Find the answer to your Linux question:
Page 1 of 2 1 2 LastLast
Results 1 to 10 of 17
Hello all, I am struggling trying to find the cause of a hardlock under heavy IO. First things first: Hardware: lshw attached, in short: ASUS ncch-dl (dual xeon, i875 chipset) ...
Enjoy an ad free experience by logging in. Not a member yet? Register.
  1. #1
    Just Joined!
    Join Date
    Aug 2009
    Posts
    12

    Question Need help debugging hard lock on high disk activity


    Hello all,
    I am struggling trying to find the cause of a hardlock under heavy IO. First things first:
    Hardware:
    lshw attached, in short:
    ASUS ncch-dl (dual xeon, i875 chipset)
    Nvidia Quadro FX 4000
    Adaptex 2120s U320 SCSI Raid controller on PCIX 66MHz, 4 drives on RAID0

    Symptoms:
    System often hangs on heavy disk I/O (i.e. dd if=/dev/zero of=test bs=1M count=1024, installing a package, etc.). Keyboard and mouse are completely dead, including numlock and capslock.
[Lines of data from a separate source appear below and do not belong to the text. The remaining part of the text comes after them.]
(* Let $r\ge 3$, $t\ge 2$, and let $G$ be a connected simple $(r+1)$-regular graph with $N$ vertices and girth at least $t+1$. Let $\mathcal{C}$ be the binary code whose parity-check matrix is the vertex–edge incidence matrix of $G$ over $\mathbb{F}_2$ (an $(n,k,r,t)_{\mathrm{seq}}$ code with $n=N(r+1)/2$). Then $\mathcal{C}$ attains equality in the rate bound, i.e. $\frac{k}{n}=\frac{r^{s+1}}{r^{s+1}+2\sum_{i=0}^{s}r^i}$ for $t$ even and $\frac{k}{n}=\frac{r^{s+1}}{r^{s+1}+2\sum_{i=1}^{s}r^i+1}$ for $t$ odd, where $s=\lfloor(t-1)/2\rfloor$, if and only if $G$ is a Moore graph.
   Context: For integers $r\ge1$, $t\ge2$ define $N_{r,t}=1+\sum_{i=0}^{s}(r+1)r^i$ if $t=2s+2$ is even and $N_{r,t}=2\sum_{i=0}^{s}r^i$ if $t=2s+1$ is odd. A Moore graph (for $r,t$) is an $(r+1)$-regular graph of girth at least $t+1$ with exactly $N_{r,t}$ vertices. An $(n,k,r,t)_{\mathrm{seq}}$ code is an $[n,k]$ linear code $\mathcal{C}\subseteq\mathbb{F}_q^n$ such that for every $E\subseteq[n]$ with $1\le|E|=u\le t$ there is an ordering $\ell_1,\dots,\ell_u$ of $E$ and sets $R_j\subseteq[n]$, $|R_j|\le r$, $R_j\cap\{\ell_j,\dots,\ell_u\}=\emptyset$, with coefficients $a_{j,i}$ such that $c_{\ell_j}=\sum_{i\in R_j}a_{j,i}c_i$ for all $c\in\mathcal{C}$. *)

theory Defs
  imports Complex_Main "HOL-Library.Z2" "HOL-Library.Function_Algebras"
begin

text \<open>Simple graphs: a finite vertex set V and a symmetric, irreflexive adjacency
relation E (only its restriction to V matters).\<close>

definition simple_graph :: "'a set \<Rightarrow> ('a \<Rightarrow> 'a \<Rightarrow> bool) \<Rightarrow> bool" where
  "simple_graph V E \<longleftrightarrow> finite V \<and> (\<forall>u\<in>V. \<forall>v\<in>V. E u v \<longleftrightarrow> E v u) \<and> (\<forall>v\<in>V. \<not> E v v)"

definition graph_edges :: "'a set \<Rightarrow> ('a \<Rightarrow> 'a \<Rightarrow> bool) \<Rightarrow> 'a set set" where
  "graph_edges V E = {{u, v} | u v. u \<in> V \<and> v \<in> V \<and> E u v}"

definition regular :: "'a set \<Rightarrow> ('a \<Rightarrow> 'a \<Rightarrow> bool) \<Rightarrow> nat \<Rightarrow> bool" where
  "regular V E d \<longleftrightarrow> (\<forall>v\<in>V. card {w\<in>V. E v w} = d)"

definition connected_graph :: "'a set \<Rightarrow> ('a \<Rightarrow> 'a \<Rightarrow> bool) \<Rightarrow> bool" where
  "connected_graph V E \<longleftrightarrow> (\<forall>u\<in>V. \<forall>v\<in>V. (\<lambda>x y. x \<in> V \<and> y \<in> V \<and> E x y)\<^sup>*\<^sup>* u v)"

definition is_cycle :: "'a set \<Rightarrow> ('a \<Rightarrow> 'a \<Rightarrow> bool) \<Rightarrow> 'a list \<Rightarrow> bool" where
  "is_cycle V E cs \<longleftrightarrow> length cs \<ge> 3 \<and> distinct cs \<and> set cs \<subseteq> V \<and>
     (\<forall>i < length cs. E (cs ! i) (cs ! ((i + 1) mod length cs)))"

definition girth_at_least :: "'a set \<Rightarrow> ('a \<Rightarrow> 'a \<Rightarrow> bool) \<Rightarrow> nat \<Rightarrow> bool" where
  "girth_at_least V E g \<longleftrightarrow> (\<forall>cs. is_cycle V E cs \<longrightarrow> length cs \<ge> g)"

definition moore_bound :: "nat \<Rightarrow> nat \<Rightarrow> nat" where
  "moore_bound r t =
     (if even t then 1 + (\<Sum>i=0..(t - 2) div 2. (r + 1) * r ^ i)
      else 2 * (\<Sum>i=0..(t - 1) div 2. r ^ i))"

definition moore_graph :: "'a set \<Rightarrow> ('a \<Rightarrow> 'a \<Rightarrow> bool) \<Rightarrow> nat \<Rightarrow> nat \<Rightarrow> bool" where
  "moore_graph V E r t \<longleftrightarrow> regular V E (r + 1) \<and> girth_at_least V E (t + 1) \<and> card V = moore_bound r t"

text \<open>Binary code with parity-check matrix the vertex-edge incidence matrix of the graph:
words are vectors indexed by the edges (functions vanishing off the edge set), and for every
vertex v the sum over the edges incident to v is 0 in F_2.\<close>
definition incidence_code :: "'a set \<Rightarrow> ('a \<Rightarrow> 'a \<Rightarrow> bool) \<Rightarrow> ('a set \<Rightarrow> bit) set" where
  "incidence_code V E = {x. (\<forall>e. e \<notin> graph_edges V E \<longrightarrow> x e = 0) \<and>
      (\<forall>v\<in>V. (\<Sum>e\<in>{e\<in>graph_edges V E. v \<in> e}. x e) = 0)}"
Happens both when using the GUI or a virtual terminal. While on the GUI it looks like a complete system freeze, under the virtual terminal I can still see the cursor blinking, making me rather think of a kernel deadlock than a system freeze.

    My efforts so far:
    It is not a distribution specific issue, I tested from kernel 2.6.24 onwards and always got the issue.
    It is not a hardware failure since the system is rock solid on pcbsd. I tried three different raid controllers, both from adaptec and lsi, but it made no difference. I tested the RAM will memtest, no problems.
    I can not find any indication of nearing failure in any system log. I tried enabling nmi_watchdog from GRUB, but kernel log stays empty and system still hangs.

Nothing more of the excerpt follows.